-- Required action --
From the first line of the data below, copy each line up to the one containing "b \<longleftrightarrow> (\<forall>x.", and include that line too.

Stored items

BEGIN

(* Let $q$ be a prime power, $\beta$ a primitive element of $\mathbb{F}_{q^2}$, $\mathrm{Tr}(x)=x+x^q$, and $\Psi:\mathbb{F}_{q^2}^n\to\mathbb{F}_q^{2n}$, $\Psi(\alpha_0,\ldots,\alpha_{n-1})=\left(\mathrm{Tr}(\beta\alpha_0),\ldots,\mathrm{Tr}(\beta\alpha_{n-1}),\mathrm{Tr}(\beta^q\alpha_0),\ldots,\mathrm{Tr}(\beta^q\alpha_{n-1})\right)$. Let $\mathscr{C}\subseteq\mathbb{F}_{q^2}^n$. Then $\mathscr{C}$ is an ($\mathbb{F}_q$-linear) additive conjucyclic code of length $n$ over $\mathbb{F}_{q^2}$ if and only if $\mathscr{D}=\Psi(\mathscr{C})$ is a $q$-ary linear cyclic code of length $2n$. Moreover, in this case the minimum Hamming weight of $\mathscr{C}$ equals the minimum symplectic weight of $\mathscr{D}$: $w_h(\mathscr{C})=w_s(\mathscr{D})$.
   Context: An ($\mathbb{F}_q$-linear) additive code of length $n$ over $\mathbb{F}_{q^2}$ is an $\mathbb{F}_q$-subspace of $\mathbb{F}_{q^2}^n$. It is conjucyclic if it is closed under $T(c_0,\ldots,c_{n-1})=(c_{n-1}^q,c_0,\ldots,c_{n-2})$. A $q$-ary linear cyclic code of length $2n$ is an $\mathbb{F}_q$-subspace of $\mathbb{F}_q^{2n}$ closed under $\sigma(v_0,\ldots,v_{2n-1})=(v_{2n-1},v_0,\ldots,v_{2n-2})$. For $u\in\mathbb{F}_{q^2}^n$, $w_h(u)$ is the number of nonzero coordinates; for $v\in\mathbb{F}_q^{2n}$, $w_s(v)=\#\{j\in\{0,\ldots,n-1\}:(v_j,v_{n+j})\neq(0,0)\}$. The minimum Hamming (resp. symplectic) weight of a code is the minimum of $w_h$ (resp. $w_s$) over its nonzero codewords. *)

theory Defs
  imports "HOL-Computational_Algebra.Primes"
begin

text \<open>The field F_{q^2} is a finite field type 'a with CARD('a) = q^2;
  F_q is realised as its unique subfield of order q, namely {x. x^q = x}.
  Vectors of length n are lists of length n.\<close>

definition subF :: "nat \<Rightarrow> ('a::field) set" where
  "subF q = {x. x ^ q = x}"

definition tr :: "nat \<Rightarrow> 'a::field \<Rightarrow> 'a" where
  "tr q x = x + x ^ q"

definition primitive_elem :: "'a::field \<Rightarrow> bool" where
  "primitive_elem b \<longleftrightarrow> (\<forall>x. x \<noteq> 0 \<longrightarrow> (\<exists>k::nat. x = b ^ k))"

definition subspace_over :: "'a::field set \<Rightarrow> nat \<Rightarrow> 'a list set \<Rightarrow> bool" where
  "subspace_over K m C \<longleftrightarrow>
     C \<subseteq> {v. length v = m} \<and> replicate m 0 \<in> C \<and>
     (\<forall>x\<in>C. \<forall>y\<in>C. map2 (+) x y \<in> C) \<and>
     (\<forall>a\<in>K. \<forall>x\<in>C. map (\<lambda>t. a * t) x \<in> C)"

definition conj_shift :: "nat \<Rightarrow> 'a::field list \<Rightarrow> 'a list" where
  "conj_shift q c = (last c ^ q) # butlast c"

definition cyc_shift :: "'a list \<Rightarrow> 'a list" where
  "cyc_shift v = last v # butlast v"

definition additive_conjucyclic :: "nat \<Rightarrow> nat \<Rightarrow> 'a::field list set \<Rightarrow> bool" where
  "additive_conjucyclic q n C \<longleftrightarrow>
     subspace_over (subF q) n C \<and> (\<forall>c\<in>C. conj_shift q c \<in> C)"

definition linear_cyclic :: "nat \<Rightarrow> nat \<Rightarrow> 'a::field list set \<Rightarrow> bool" where
  "linear_cyclic q m D \<longleftrightarrow>
     D \<subseteq> {v. set v \<subseteq> subF q} \<and> subspace_over (subF q) m D \<and>
     (\<forall>v\<in>D. cyc_shift v \<in> D)"

definition Psi :: "nat \<Rightarrow> 'a::field \<Rightarrow> 'a list \<Rightarrow> 'a list" where
  "Psi q b a = map (\<lambda>x. tr q (b * x)) a @ map (\<lambda>x. tr q (b ^ q * x)) a"

definition w_h :: "'a::zero list \<Rightarrow> nat" where
  "w_h u = card {j. j < length u \<and> u ! j \<noteq> 0}"

definition w_s :: "nat \<Rightarrow> 'a::zero list \<Rightarrow> nat" where
  "w_s n v = card {j. j < n \<and> (v ! j, v ! (n + j)) \<noteq> (0, 0)}"

definition min_hamming :: "'a::zero list set \<Rightarrow> nat" where
  "min_hamming C = Min {w_h c | c. c \<in> C \<and> c \<noteq> replicate (length c) 0}"

definition min_symplectic :: "nat \<Rightarrow> 'a::zero list set \<Rightarrow> nat" where
  "min_symplectic n D = Min {w_s n v | v. v \<in> D \<and> v \<noteq> replicate (length v) 0}"

end

(* Psi is F_q-linear and injective: Tr(beta x) = Tr(beta^q x) = 0 is a linear system
   in x and x^q with determinant beta^2 - beta^(2q), which is nonzero because the
   primitive element beta has multiplicative order q^2 - 1 > 2q - 2.  Since
   Tr(beta x^q) = Tr(beta^q x), Psi turns the conjucyclic shift into the cyclic shift,
   so both code properties transfer along the bijection C -> Psi(C).  Finally the
   entries j and n + j of Psi(c) vanish together exactly when c_j = 0, hence
   w_s(Psi c) = w_h(c). *)

theory Submission
  imports Defs "HOL-Number_Theory.Residues" "HOL-Computational_Algebra.Polynomial"
begin

lemma nonzero_power_card_minus_one:
  fixes x :: "'a::{finite,field}"
  assumes "x \<noteq> 0"
  shows "x ^ (card (UNIV :: 'a set) - 1) = 1"
proof -
  define U where "U = (UNIV - {0} :: 'a set)"
  have card_U: "card U = card (UNIV :: 'a set) - 1"
    unfolding U_def by (simp add: card_Diff_singleton)
  have "bij_betw ((*) x) U U"
    unfolding U_def by (rule bij_betwI[of _ _ _ "\<lambda>y. y / x"]) (use assms in auto)
  then have "(\<Prod>y\<in>U. x * y) = \<Prod>U"
    by (rule prod.reindex_bij_betw)
  then have "x ^ card U * \<Prod>U = 1 * \<Prod>U"
    by (simp add: prod.distrib)
  moreover have "\<Prod>U \<noteq> 0"
    unfolding U_def by simp
  ultimately show ?thesis
    using card_U by simp
qed

lemma power_card_eq_self:
  fixes x :: "'a::{finite,field}"
  shows "x ^ card (UNIV :: 'a set) = x"
proof (cases "x = 0")
  case False
  have "x ^ card (UNIV :: 'a set) = x * x ^ (card (UNIV :: 'a set) - 1)"
    using finite_UNIV_card_ge_0[where 'a='a] by (simp flip: power_Suc)
  then show ?thesis
    using nonzero_power_card_minus_one[OF False] by simp
qed (use finite_UNIV_card_ge_0[where 'a='a] in simp)

lemma CHAR_eq_if_card_prime_power:
  assumes "prime p" and "k > 0" and "card (UNIV :: 'a::{finite,field} set) = p ^ k"
  shows "CHAR('a) = p"
proof -
  have prime_char: "prime CHAR('a)"
    by (rule prime_CHAR_semidom[OF finite_imp_CHAR_pos[OF finite_UNIV]])
  then have "CHAR('a) dvd p"
    using CHAR_dvd_CARD[where 'a='a] assms(3) prime_dvd_power by metis
  then show ?thesis
    using prime_char assms(1) primes_dvd_imp_eq by blast
qed

lemma primitive_elem_nonzero:
  fixes b :: "'a::{finite,field}"
  assumes "primitive_elem b" and "card (UNIV :: 'a set) > 2"
  shows "b \<noteq> 0"
proof
  assume "b = 0"
  have "UNIV \<subseteq> {0, 1 :: 'a}"
  proof
    fix x :: 'a
    show "x \<in> {0, 1}"
    proof (cases "x = 0")
      case False
      then obtain k where "x = 0 ^ k"
        using assms(1) \<open>b = 0\<close> unfolding primitive_elem_def by blast
      then show ?thesis
        by (simp add: power_0_left)
    qed simp
  qed
  then have "card (UNIV :: 'a set) \<le> card {0, 1 :: 'a}"
    by (intro card_mono) auto
  also have "\<dots> \<le> 2"
    by (rule card_insert_le_m1) auto
  finally show False
    using assms(2) by simp
qed

lemma primitive_elem_order_bound:
  fixes b :: "'a::{finite,field}"
  assumes "primitive_elem b" and "b ^ m = 1" and "m > 0"
  shows "card (UNIV :: 'a set) - 1 \<le> m"
proof -
  define P :: "'a poly" where "P = monom 1 m - 1"
  have poly_P: "poly P x = x ^ m - 1" for x
    by (simp add: P_def poly_monom)
  have "P \<noteq> 0"
    using poly_P[of 0] assms(3) by (auto simp: zero_power)
  have "UNIV - {0} \<subseteq> {x. poly P x = 0}"
  proof
    fix x :: 'a
    assume "x \<in> UNIV - {0}"
    then obtain k where "x = b ^ k"
      using assms(1) unfolding primitive_elem_def by blast
    then have "x ^ m = (b ^ m) ^ k"
      by (simp flip: power_mult add: mult.commute)
    then show "x \<in> {x. poly P x = 0}"
      using assms(2) poly_P by simp
  qed
  then have "card (UNIV - {0 :: 'a}) \<le> card {x. poly P x = 0}"
    by (intro card_mono) auto
  also have "\<dots> \<le> degree P"
    using card_poly_roots_bound[OF \<open>P \<noteq> 0\<close>] .
  also have "degree P \<le> m"
    unfolding P_def by (intro degree_diff_le) (auto simp: degree_monom_le)
  finally show ?thesis
    by (simp add: card_Diff_singleton)
qed

lemma subspace_over_image_iff:
  fixes \<Phi> :: "'a::field list \<Rightarrow> 'a list"
  assumes "inj \<Phi>" and C: "C \<subseteq> {v. length v = n}"
    and length_image: "\<And>x. length x = n \<Longrightarrow> length (\<Phi> x) = m"
    and zero: "\<Phi> (replicate n 0) = replicate m 0"
    and add: "\<And>x y. length x = n \<Longrightarrow> length y = n \<Longrightarrow> \<Phi> (map2 (+) x y) = map2 (+) (\<Phi> x) (\<Phi> y)"
    and scale: "\<And>a x. a \<in> K \<Longrightarrow> \<Phi> (map (\<lambda>t. a * t) x) = map (\<lambda>t. a * t) (\<Phi> x)"
  shows "subspace_over K n C \<longleftrightarrow> subspace_over K m (\<Phi> ` C)"
proof -
  have mem: "\<Phi> x \<in> \<Phi> ` C \<longleftrightarrow> x \<in> C" for x
    using \<open>inj \<Phi>\<close> by (rule inj_image_mem_iff)
  have "(\<forall>x\<in>C. \<forall>y\<in>C. map2 (+) x y \<in> C) \<longleftrightarrow>
      (\<forall>x\<in>C. \<forall>y\<in>C. map2 (+) (\<Phi> x) (\<Phi> y) \<in> \<Phi> ` C)"
  proof (intro ball_cong refl)
    fix x y
    assume "x \<in> C" and "y \<in> C"
    then have "length x = n" and "length y = n"
      using C by auto
    then show "map2 (+) x y \<in> C \<longleftrightarrow> map2 (+) (\<Phi> x) (\<Phi> y) \<in> \<Phi> ` C"
      using mem[of "map2 (+) x y"] by (simp add: add)
  qed
  moreover have "(\<forall>a\<in>K. \<forall>x\<in>C. map (\<lambda>t. a * t) x \<in> C) \<longleftrightarrow>
      (\<forall>a\<in>K. \<forall>v\<in>\<Phi> ` C. map (\<lambda>t. a * t) v \<in> \<Phi> ` C)"
    by (auto simp: mem simp flip: scale)
  moreover have "replicate n 0 \<in> C \<longleftrightarrow> replicate m 0 \<in> \<Phi> ` C"
    by (simp flip: zero add: mem)
  ultimately show ?thesis
    using C length_image unfolding subspace_over_def by auto
qed

lemma shift_closed_image_iff:
  assumes "inj \<Phi>" and "\<And>c. c \<in> C \<Longrightarrow> \<Phi> (S c) = T (\<Phi> c)"
  shows "(\<forall>c\<in>C. S c \<in> C) \<longleftrightarrow> (\<forall>v\<in>\<Phi> ` C. T v \<in> \<Phi> ` C)"
  using assms by (auto simp: inj_image_mem_iff simp flip: assms(2))

lemma min_symplectic_image:
  assumes "\<And>c. c \<in> C \<Longrightarrow> w_s n (\<Phi> c) = w_h c"
    and "\<And>c. c \<in> C \<Longrightarrow> \<Phi> c = replicate (length (\<Phi> c)) 0 \<longleftrightarrow> c = replicate (length c) 0"
  shows "min_symplectic n (\<Phi> ` C) = min_hamming C"
proof -
  have "{w_s n v | v. v \<in> \<Phi> ` C \<and> v \<noteq> replicate (length v) 0}
      = {w_s n (\<Phi> c) | c. c \<in> C \<and> \<Phi> c \<noteq> replicate (length (\<Phi> c)) 0}"
    by blast
  also have "\<dots> = {w_h c | c. c \<in> C \<and> c \<noteq> replicate (length c) 0}"
    using assms by metis
  finally show ?thesis
    unfolding min_symplectic_def min_hamming_def by simp
qed

locale trace_embedding =
  fixes q :: nat and \<beta> :: "'a::{finite,field}"
  assumes prime_power: "\<exists>p k. prime p \<and> k > 0 \<and> q = p ^ k"
    and card_UNIV: "card (UNIV :: 'a set) = q ^ 2"
    and primitive: "primitive_elem \<beta>"
begin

END

-- Answer to this task --
(* Let $q$ be a prime power, $\beta$ a primitive element of $\mathbb{F}_{q^2}$, $\mathrm{Tr}(x)=x+x^q$, and $\Psi:\mathbb{F}_{q^2}^n\to\mathbb{F}_q^{2n}$, $\Psi(\alpha_0,\ldots,\alpha_{n-1})=\left(\mathrm{Tr}(\beta\alpha_0),\ldots,\mathrm{Tr}(\beta\alpha_{n-1}),\mathrm{Tr}(\beta^q\alpha_0),\ldots,\mathrm{Tr}(\beta^q\alpha_{n-1})\right)$. Let $\mathscr{C}\subseteq\mathbb{F}_{q^2}^n$. Then $\mathscr{C}$ is an ($\mathbb{F}_q$-linear) additive conjucyclic code of length $n$ over $\mathbb{F}_{q^2}$ if and only if $\mathscr{D}=\Psi(\mathscr{C})$ is a $q$-ary linear cyclic code of length $2n$. Moreover, in this case the minimum Hamming weight of $\mathscr{C}$ equals the minimum symplectic weight of $\mathscr{D}$: $w_h(\mathscr{C})=w_s(\mathscr{D})$.
   Context: An ($\mathbb{F}_q$-linear) additive code of length $n$ over $\mathbb{F}_{q^2}$ is an $\mathbb{F}_q$-subspace of $\mathbb{F}_{q^2}^n$. It is conjucyclic if it is closed under $T(c_0,\ldots,c_{n-1})=(c_{n-1}^q,c_0,\ldots,c_{n-2})$. A $q$-ary linear cyclic code of length $2n$ is an $\mathbb{F}_q$-subspace of $\mathbb{F}_q^{2n}$ closed under $\sigma(v_0,\ldots,v_{2n-1})=(v_{2n-1},v_0,\ldots,v_{2n-2})$. For $u\in\mathbb{F}_{q^2}^n$, $w_h(u)$ is the number of nonzero coordinates; for $v\in\mathbb{F}_q^{2n}$, $w_s(v)=\#\{j\in\{0,\ldots,n-1\}:(v_j,v_{n+j})\neq(0,0)\}$. The minimum Hamming (resp. symplectic) weight of a code is the minimum of $w_h$ (resp. $w_s$) over its nonzero codewords. *)

theory Defs
  imports "HOL-Computational_Algebra.Primes"
begin

text \<open>The field F_{q^2} is a finite field type 'a with CARD('a) = q^2;
  F_q is realised as its unique subfield of order q, namely {x. x^q = x}.
  Vectors of length n are lists of length n.\<close>

definition subF :: "nat \<Rightarrow> ('a::field) set" where
  "subF q = {x. x ^ q = x}"

definition tr :: "nat \<Rightarrow> 'a::field \<Rightarrow> 'a" where
  "tr q x = x + x ^ q"

definition primitive_elem :: "'a::field \<Rightarrow> bool" where
  "primitive_elem b \<longleftrightarrow> (\<forall>x. x \<noteq> 0 \<longrightarrow> (\<exists>k::nat. x = b ^ k))"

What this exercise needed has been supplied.